━━ DATA
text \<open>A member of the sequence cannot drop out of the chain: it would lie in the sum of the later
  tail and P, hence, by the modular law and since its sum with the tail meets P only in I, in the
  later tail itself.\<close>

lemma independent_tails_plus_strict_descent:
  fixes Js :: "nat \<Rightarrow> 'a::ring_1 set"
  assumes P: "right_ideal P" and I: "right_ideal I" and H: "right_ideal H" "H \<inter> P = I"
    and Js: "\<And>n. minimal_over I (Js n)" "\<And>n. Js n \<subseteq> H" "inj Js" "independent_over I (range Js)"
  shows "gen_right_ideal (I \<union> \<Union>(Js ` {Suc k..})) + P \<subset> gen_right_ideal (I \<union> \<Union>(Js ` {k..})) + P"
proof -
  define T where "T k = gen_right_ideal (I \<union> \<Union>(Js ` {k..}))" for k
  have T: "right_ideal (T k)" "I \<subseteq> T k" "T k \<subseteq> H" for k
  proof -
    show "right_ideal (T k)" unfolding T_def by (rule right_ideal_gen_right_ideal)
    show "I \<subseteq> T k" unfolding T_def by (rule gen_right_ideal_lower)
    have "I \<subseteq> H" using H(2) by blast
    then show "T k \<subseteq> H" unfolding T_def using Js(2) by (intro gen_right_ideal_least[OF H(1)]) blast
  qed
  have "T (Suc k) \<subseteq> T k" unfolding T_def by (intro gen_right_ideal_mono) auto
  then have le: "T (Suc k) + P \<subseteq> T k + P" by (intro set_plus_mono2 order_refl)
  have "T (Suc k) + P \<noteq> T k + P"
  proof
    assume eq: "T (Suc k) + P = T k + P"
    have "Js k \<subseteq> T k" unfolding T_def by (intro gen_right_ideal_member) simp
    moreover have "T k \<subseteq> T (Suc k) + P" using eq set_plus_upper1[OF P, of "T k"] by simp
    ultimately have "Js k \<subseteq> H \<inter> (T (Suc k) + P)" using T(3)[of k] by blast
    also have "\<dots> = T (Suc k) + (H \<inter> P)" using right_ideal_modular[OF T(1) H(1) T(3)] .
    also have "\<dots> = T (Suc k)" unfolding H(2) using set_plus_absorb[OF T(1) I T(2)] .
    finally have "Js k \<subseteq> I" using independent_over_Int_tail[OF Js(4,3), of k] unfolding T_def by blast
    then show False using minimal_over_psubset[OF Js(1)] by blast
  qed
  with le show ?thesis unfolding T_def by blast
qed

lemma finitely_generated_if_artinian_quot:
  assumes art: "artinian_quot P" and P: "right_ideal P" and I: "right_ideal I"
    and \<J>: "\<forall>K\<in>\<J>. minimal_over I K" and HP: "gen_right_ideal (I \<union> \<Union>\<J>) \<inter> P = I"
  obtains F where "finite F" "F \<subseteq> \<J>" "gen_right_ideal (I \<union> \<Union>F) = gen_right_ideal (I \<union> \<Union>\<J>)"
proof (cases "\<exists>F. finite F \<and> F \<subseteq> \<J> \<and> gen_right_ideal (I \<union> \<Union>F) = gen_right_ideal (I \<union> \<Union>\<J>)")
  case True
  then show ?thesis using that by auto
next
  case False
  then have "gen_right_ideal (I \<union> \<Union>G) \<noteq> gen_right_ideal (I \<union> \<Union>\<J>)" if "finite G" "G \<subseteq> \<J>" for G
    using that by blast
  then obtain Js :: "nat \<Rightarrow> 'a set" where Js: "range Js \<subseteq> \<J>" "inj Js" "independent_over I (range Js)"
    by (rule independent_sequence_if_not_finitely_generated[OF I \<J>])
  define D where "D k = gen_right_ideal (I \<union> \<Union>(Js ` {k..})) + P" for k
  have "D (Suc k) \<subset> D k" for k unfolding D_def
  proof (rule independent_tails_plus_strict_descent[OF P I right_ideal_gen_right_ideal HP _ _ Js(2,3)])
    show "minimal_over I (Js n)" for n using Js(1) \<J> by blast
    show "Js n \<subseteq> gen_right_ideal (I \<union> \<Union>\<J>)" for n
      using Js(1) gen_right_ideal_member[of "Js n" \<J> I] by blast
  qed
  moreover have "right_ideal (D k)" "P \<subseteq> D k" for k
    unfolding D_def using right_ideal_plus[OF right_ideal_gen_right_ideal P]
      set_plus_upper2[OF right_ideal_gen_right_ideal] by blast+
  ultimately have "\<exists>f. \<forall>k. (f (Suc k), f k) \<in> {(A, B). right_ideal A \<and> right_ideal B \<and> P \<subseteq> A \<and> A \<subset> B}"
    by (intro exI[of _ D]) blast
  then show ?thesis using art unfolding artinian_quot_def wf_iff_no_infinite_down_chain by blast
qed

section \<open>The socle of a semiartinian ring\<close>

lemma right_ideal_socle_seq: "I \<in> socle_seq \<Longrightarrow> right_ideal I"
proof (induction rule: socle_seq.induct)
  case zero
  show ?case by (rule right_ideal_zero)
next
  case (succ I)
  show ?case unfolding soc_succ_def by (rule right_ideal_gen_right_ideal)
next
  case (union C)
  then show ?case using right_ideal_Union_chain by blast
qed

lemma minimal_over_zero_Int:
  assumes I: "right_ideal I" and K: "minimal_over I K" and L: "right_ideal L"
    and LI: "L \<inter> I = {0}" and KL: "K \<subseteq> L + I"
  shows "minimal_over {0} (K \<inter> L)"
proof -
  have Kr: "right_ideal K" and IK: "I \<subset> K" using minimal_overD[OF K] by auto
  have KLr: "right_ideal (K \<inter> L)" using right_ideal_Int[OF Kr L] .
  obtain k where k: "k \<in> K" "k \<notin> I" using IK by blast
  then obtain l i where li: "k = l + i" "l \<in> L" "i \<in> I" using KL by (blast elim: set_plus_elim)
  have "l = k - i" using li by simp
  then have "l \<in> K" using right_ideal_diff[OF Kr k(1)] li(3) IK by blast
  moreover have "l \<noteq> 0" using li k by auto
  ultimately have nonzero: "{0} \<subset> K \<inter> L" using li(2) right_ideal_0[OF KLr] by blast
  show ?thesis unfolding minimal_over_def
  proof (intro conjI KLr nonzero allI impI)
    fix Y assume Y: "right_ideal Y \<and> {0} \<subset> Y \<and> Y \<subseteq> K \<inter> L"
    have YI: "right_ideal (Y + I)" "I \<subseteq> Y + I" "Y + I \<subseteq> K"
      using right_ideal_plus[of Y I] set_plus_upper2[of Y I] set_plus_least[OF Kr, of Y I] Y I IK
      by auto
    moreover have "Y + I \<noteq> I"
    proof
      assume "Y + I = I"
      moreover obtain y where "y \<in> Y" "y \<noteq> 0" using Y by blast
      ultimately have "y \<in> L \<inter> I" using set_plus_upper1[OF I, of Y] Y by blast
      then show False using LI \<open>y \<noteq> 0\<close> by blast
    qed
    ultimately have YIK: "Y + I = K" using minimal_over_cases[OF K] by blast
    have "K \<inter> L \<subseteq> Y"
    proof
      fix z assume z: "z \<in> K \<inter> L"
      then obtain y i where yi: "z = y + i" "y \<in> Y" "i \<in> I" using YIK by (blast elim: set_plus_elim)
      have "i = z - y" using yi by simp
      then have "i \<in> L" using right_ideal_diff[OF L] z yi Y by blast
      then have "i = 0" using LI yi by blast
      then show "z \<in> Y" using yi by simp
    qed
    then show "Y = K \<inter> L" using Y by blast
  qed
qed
━━━━
━━ DATA
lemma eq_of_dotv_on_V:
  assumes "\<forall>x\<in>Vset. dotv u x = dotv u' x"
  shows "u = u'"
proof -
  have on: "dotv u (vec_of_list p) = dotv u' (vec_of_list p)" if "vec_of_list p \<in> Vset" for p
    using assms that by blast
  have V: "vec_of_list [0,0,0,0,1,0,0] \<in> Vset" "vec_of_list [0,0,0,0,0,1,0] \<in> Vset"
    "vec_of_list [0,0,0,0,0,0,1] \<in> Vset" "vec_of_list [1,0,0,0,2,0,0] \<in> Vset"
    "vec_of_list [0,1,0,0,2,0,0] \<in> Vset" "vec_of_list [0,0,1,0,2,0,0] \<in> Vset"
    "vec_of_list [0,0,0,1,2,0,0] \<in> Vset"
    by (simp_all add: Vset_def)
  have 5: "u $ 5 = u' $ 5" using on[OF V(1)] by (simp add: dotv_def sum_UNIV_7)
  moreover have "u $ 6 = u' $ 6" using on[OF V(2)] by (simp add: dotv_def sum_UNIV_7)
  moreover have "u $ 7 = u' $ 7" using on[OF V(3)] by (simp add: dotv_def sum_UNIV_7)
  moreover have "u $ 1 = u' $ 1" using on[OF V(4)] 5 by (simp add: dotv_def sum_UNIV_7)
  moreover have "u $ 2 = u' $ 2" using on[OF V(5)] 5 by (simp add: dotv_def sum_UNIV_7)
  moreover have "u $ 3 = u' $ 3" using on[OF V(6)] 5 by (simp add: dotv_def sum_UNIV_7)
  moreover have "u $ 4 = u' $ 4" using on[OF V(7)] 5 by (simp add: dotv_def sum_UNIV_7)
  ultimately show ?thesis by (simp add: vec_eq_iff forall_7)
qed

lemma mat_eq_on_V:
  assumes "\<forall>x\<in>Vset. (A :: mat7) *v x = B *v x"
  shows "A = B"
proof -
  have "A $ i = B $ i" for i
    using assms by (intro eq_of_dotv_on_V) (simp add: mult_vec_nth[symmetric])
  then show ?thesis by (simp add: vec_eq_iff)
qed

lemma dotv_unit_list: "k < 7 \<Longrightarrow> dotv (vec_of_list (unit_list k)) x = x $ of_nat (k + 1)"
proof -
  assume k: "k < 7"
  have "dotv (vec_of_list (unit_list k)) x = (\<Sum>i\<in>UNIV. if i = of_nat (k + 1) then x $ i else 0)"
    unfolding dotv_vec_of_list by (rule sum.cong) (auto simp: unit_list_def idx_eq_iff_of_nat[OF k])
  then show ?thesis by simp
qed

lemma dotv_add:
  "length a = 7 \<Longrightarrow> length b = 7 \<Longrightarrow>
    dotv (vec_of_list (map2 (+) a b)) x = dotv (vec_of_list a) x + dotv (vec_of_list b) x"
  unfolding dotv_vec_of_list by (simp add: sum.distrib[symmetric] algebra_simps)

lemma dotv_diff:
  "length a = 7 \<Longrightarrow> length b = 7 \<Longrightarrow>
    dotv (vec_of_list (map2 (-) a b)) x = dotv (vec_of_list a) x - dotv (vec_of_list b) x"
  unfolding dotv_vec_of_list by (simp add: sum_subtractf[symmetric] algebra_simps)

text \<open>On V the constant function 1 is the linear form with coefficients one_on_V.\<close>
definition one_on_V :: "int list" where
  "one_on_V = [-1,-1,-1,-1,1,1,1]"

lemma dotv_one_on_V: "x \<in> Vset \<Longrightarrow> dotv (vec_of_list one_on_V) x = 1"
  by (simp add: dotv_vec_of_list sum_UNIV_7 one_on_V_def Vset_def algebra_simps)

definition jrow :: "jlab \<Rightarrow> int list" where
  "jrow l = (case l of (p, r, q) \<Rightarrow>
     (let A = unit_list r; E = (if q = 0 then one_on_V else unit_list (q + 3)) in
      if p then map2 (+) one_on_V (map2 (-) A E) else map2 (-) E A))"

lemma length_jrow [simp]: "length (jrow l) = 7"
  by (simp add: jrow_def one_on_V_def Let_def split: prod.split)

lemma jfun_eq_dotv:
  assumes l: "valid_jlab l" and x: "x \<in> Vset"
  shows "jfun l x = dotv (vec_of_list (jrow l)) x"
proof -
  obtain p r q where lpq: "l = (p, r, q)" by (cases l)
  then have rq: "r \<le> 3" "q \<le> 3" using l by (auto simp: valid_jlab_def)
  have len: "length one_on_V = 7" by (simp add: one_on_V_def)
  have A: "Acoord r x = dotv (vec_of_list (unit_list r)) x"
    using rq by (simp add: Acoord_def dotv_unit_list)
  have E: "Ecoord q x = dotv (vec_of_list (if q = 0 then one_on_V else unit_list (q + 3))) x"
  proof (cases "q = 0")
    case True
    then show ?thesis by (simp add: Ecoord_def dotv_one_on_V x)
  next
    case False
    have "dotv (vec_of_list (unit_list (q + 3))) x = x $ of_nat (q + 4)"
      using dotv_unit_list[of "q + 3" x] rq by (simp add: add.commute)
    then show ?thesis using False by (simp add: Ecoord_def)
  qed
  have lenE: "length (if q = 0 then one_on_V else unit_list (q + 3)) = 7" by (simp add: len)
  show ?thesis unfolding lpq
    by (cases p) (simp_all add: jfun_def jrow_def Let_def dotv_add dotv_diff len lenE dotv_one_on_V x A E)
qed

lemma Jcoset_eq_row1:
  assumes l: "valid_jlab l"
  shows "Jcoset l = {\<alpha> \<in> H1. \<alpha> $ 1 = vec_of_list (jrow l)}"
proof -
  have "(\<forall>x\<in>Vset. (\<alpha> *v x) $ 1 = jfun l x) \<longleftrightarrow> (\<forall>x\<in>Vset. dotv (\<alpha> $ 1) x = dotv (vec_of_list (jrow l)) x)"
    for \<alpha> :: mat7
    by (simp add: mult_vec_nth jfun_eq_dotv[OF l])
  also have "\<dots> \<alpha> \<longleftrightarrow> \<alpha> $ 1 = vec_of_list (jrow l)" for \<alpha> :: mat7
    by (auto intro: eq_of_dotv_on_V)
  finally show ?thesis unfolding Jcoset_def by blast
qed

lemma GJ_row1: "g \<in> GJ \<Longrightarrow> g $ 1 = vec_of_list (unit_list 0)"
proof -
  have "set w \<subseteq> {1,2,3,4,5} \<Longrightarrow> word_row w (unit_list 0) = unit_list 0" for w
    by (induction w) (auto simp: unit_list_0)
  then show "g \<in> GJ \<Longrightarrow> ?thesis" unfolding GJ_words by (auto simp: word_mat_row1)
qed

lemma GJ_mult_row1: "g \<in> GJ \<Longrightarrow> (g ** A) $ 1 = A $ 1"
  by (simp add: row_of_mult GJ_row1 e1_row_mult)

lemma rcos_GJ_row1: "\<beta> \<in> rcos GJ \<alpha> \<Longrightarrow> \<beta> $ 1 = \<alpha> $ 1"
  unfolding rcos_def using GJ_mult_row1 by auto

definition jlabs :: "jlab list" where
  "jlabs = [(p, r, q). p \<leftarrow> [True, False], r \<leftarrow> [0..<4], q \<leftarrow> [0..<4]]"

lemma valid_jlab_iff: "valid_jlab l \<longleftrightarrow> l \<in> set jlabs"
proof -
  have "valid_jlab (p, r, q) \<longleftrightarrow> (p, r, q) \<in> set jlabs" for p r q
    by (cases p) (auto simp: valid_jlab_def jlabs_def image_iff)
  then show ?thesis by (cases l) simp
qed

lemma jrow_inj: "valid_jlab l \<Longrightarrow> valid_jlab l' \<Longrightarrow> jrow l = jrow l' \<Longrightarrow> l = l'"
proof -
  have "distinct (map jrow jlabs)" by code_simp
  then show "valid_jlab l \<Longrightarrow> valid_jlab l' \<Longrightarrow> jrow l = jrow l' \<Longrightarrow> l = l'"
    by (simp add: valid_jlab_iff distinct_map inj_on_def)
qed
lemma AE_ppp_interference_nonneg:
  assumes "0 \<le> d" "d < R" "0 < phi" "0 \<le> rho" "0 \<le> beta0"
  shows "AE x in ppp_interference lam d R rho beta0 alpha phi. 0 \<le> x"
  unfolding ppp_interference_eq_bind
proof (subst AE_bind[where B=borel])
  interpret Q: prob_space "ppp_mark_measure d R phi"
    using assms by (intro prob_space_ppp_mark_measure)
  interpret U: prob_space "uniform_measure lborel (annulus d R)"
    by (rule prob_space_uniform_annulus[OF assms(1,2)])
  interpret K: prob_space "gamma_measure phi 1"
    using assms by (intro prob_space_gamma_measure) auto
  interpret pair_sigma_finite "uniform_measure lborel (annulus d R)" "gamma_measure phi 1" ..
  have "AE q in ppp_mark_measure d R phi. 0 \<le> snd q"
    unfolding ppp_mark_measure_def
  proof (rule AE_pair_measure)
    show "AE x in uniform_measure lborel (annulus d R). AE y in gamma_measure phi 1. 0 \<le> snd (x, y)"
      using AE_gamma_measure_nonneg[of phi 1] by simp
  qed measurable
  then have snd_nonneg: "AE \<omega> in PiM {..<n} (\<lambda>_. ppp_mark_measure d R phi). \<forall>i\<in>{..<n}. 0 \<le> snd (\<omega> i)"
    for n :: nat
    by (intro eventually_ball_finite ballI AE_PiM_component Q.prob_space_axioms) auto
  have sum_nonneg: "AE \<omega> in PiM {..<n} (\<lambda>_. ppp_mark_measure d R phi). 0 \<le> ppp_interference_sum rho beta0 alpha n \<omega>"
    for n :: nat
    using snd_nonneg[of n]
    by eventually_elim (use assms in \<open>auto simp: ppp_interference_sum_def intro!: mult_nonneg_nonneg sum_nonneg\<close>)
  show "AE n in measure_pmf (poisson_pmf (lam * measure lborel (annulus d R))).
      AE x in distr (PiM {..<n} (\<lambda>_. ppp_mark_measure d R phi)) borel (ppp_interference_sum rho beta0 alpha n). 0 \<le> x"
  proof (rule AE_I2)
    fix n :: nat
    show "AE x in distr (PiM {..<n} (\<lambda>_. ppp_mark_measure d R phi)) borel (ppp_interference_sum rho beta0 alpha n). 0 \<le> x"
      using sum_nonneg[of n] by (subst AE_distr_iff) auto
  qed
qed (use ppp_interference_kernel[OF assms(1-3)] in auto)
━━━━
━━ DATA
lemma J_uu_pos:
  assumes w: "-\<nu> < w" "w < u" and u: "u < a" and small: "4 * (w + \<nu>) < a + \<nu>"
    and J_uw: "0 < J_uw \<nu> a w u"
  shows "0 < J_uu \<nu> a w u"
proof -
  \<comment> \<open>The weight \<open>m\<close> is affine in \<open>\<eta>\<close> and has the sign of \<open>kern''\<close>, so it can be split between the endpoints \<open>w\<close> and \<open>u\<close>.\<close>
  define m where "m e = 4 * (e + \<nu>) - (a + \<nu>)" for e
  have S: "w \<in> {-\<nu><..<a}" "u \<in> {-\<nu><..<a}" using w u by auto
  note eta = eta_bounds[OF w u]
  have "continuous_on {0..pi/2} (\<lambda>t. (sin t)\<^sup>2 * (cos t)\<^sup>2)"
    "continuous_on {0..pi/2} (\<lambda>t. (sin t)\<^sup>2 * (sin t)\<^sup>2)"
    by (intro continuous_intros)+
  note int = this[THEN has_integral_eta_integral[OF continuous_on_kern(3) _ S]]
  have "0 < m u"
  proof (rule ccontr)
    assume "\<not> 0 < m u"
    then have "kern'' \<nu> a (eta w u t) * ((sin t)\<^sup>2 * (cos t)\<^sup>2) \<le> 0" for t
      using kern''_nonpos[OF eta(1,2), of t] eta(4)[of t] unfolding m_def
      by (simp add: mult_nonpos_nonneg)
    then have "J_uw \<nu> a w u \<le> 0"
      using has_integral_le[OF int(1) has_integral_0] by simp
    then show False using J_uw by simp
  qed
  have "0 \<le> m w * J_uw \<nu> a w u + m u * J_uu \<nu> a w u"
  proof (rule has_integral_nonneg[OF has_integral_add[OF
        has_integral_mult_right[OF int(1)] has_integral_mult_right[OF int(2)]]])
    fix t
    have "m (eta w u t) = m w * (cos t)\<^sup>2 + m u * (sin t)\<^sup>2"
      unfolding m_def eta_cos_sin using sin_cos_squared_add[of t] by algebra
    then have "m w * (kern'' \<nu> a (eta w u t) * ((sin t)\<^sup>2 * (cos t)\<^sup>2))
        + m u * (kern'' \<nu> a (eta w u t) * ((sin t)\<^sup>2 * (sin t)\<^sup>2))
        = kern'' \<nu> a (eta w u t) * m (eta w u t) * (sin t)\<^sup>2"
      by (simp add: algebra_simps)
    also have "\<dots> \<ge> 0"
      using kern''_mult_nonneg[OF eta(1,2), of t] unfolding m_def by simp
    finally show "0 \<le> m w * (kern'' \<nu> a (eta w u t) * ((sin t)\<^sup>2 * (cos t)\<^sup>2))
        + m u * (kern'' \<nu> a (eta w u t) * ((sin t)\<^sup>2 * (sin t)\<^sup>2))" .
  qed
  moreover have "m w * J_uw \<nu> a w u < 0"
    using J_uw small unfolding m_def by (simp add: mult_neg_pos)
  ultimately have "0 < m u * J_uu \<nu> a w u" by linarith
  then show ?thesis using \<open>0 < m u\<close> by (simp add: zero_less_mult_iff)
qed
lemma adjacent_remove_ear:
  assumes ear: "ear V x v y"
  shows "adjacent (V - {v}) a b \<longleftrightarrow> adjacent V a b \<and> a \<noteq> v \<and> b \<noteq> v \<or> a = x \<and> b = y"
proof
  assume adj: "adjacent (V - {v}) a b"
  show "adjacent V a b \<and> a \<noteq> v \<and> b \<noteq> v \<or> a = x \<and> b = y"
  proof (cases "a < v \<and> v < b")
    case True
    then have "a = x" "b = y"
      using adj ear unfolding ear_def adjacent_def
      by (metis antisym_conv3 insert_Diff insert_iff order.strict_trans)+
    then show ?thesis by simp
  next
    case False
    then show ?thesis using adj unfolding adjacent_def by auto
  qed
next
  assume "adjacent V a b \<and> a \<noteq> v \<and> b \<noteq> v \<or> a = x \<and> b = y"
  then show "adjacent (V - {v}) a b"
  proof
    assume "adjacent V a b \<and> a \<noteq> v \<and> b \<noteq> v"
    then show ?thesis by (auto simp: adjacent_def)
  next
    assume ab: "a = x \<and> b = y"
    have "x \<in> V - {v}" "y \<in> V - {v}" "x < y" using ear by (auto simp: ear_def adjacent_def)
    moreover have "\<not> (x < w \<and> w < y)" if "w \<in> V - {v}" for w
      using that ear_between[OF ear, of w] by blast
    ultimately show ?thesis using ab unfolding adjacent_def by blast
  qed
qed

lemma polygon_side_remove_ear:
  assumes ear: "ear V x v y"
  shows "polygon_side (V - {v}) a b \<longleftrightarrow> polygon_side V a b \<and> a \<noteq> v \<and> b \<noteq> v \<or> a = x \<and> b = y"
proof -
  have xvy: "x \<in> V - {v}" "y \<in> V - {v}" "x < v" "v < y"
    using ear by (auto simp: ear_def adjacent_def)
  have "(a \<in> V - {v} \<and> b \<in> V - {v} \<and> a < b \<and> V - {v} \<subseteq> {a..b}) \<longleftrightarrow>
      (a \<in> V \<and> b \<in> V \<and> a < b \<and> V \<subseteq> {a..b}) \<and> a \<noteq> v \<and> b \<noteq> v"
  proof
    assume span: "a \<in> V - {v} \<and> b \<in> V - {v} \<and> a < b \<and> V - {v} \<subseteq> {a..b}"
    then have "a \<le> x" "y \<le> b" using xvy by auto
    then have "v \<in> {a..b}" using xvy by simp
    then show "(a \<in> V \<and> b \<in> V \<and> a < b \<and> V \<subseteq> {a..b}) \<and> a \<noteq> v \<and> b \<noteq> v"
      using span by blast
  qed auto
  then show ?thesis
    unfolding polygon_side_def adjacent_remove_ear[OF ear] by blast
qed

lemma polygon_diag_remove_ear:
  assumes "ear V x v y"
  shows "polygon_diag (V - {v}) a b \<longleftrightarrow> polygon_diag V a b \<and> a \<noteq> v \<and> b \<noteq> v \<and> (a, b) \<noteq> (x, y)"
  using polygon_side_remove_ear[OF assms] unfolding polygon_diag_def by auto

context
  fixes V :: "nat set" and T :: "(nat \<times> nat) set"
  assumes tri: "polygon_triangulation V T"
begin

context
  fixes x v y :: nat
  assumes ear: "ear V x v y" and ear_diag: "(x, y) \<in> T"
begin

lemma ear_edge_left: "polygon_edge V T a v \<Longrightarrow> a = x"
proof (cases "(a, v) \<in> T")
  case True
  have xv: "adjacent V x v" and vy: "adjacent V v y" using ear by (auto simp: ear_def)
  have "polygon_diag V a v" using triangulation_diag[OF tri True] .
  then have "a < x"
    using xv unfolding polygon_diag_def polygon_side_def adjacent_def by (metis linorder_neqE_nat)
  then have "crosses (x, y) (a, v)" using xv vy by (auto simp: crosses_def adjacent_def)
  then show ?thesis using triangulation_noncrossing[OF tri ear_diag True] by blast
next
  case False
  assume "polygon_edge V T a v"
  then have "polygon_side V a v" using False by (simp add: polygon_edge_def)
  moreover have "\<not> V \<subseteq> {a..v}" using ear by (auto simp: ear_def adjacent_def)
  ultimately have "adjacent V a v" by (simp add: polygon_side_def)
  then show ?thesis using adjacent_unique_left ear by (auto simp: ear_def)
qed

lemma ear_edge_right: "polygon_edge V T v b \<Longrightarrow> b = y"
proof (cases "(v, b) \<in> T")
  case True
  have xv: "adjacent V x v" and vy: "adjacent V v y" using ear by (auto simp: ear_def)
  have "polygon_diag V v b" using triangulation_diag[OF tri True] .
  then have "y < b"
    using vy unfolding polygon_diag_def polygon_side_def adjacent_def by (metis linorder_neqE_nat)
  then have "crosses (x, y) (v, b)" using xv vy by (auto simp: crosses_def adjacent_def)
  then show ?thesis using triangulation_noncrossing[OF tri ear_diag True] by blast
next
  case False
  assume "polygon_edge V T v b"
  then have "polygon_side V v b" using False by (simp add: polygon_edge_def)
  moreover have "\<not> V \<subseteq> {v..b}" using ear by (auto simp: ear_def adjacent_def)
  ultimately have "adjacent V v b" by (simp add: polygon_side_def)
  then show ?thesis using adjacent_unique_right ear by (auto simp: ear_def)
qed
━━━━
- _WORK INSTRUCTION_
In the entries above, find the line holding "obtain p r q" and the line holding "then show ?thesis using False"; print both of them and every line between, exactly, and nothing else.

- _YOUR RESPONSE_
  obtain p r q where lpq: "l = (p, r, q)" by (cases l)
  then have rq: "r \<le> 3" "q \<le> 3" using l by (auto simp: valid_jlab_def)
  have len: "length one_on_V = 7" by (simp add: one_on_V_def)
  have A: "Acoord r x = dotv (vec_of_list (unit_list r)) x"
    using rq by (simp add: Acoord_def dotv_unit_list)
  have E: "Ecoord q x = dotv (vec_of_list (if q = 0 then one_on_V else unit_list (q + 3))) x"
  proof (cases "q = 0")
    case True
    then show ?thesis by (simp add: Ecoord_def dotv_one_on_V x)
  next
    case False
    have "dotv (vec_of_list (unit_list (q + 3))) x = x $ of_nat (q + 4)"
      using dotv_unit_list[of "q + 3" x] rq by (simp add: add.commute)
    then show ?thesis using False by (simp add: Ecoord_def)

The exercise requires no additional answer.